Search the records for the string "assumes". Copy each line where it occurs.

-- Given information follows --

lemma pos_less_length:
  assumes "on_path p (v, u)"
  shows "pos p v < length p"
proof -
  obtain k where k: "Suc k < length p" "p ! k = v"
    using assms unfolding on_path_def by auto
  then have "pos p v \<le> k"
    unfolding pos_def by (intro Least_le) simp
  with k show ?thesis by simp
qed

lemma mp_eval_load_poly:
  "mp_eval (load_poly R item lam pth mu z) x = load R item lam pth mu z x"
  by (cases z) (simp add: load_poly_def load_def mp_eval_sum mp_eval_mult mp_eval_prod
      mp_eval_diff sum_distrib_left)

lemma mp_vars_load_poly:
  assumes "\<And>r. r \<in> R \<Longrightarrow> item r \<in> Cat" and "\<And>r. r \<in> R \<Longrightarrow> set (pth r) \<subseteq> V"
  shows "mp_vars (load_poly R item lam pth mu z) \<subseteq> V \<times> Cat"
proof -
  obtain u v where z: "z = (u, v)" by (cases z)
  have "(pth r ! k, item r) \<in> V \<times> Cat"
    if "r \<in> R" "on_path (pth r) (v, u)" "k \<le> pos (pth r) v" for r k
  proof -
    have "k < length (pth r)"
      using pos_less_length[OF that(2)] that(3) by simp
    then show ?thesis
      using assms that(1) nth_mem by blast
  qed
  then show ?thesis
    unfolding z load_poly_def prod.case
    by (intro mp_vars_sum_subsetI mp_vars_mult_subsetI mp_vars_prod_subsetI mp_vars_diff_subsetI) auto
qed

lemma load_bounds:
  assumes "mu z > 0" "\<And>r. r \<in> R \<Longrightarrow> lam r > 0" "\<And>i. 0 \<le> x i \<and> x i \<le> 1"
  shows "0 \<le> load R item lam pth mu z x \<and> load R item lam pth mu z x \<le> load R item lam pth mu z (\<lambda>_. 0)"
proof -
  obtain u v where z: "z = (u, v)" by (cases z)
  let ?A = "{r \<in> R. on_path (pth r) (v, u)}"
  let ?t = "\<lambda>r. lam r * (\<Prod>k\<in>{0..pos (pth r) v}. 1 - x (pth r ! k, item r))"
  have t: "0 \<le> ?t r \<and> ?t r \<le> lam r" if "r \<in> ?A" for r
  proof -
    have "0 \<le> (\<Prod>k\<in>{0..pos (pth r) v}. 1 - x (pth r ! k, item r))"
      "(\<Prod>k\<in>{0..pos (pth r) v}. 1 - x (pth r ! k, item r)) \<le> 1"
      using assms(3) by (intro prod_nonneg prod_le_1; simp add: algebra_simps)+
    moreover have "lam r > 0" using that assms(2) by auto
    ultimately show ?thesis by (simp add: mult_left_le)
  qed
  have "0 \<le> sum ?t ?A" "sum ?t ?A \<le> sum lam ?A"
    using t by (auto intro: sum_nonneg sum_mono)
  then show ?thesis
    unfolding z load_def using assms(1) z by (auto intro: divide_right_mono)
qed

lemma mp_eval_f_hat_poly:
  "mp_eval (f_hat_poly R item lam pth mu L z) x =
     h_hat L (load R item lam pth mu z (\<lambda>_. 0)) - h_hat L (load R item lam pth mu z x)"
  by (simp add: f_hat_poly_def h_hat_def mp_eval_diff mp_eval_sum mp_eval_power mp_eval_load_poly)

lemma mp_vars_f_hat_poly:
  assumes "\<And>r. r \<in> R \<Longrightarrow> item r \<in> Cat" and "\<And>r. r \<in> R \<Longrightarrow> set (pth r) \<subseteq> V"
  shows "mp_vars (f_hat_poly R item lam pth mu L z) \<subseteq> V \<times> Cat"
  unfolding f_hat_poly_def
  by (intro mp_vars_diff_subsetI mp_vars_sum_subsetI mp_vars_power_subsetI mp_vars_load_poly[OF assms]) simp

-- Given information concluded --

> [Written answer]
  assumes "on_path p (v, u)"
  assumes "\<And>r. r \<in> R \<Longrightarrow> item r \<in> Cat" and "\<And>r. r \<in> R \<Longrightarrow> set (pth r) \<subseteq> V"
  assumes "mu z > 0" "\<And>r. r \<in> R \<Longrightarrow> lam r > 0" "\<And>i. 0 \<le> x i \<and> x i \<le> 1"
  assumes "\<And>r. r \<in> R \<Longrightarrow> item r \<in> Cat" and "\<And>r. r \<in> R \<Longrightarrow> set (pth r) \<subseteq> V"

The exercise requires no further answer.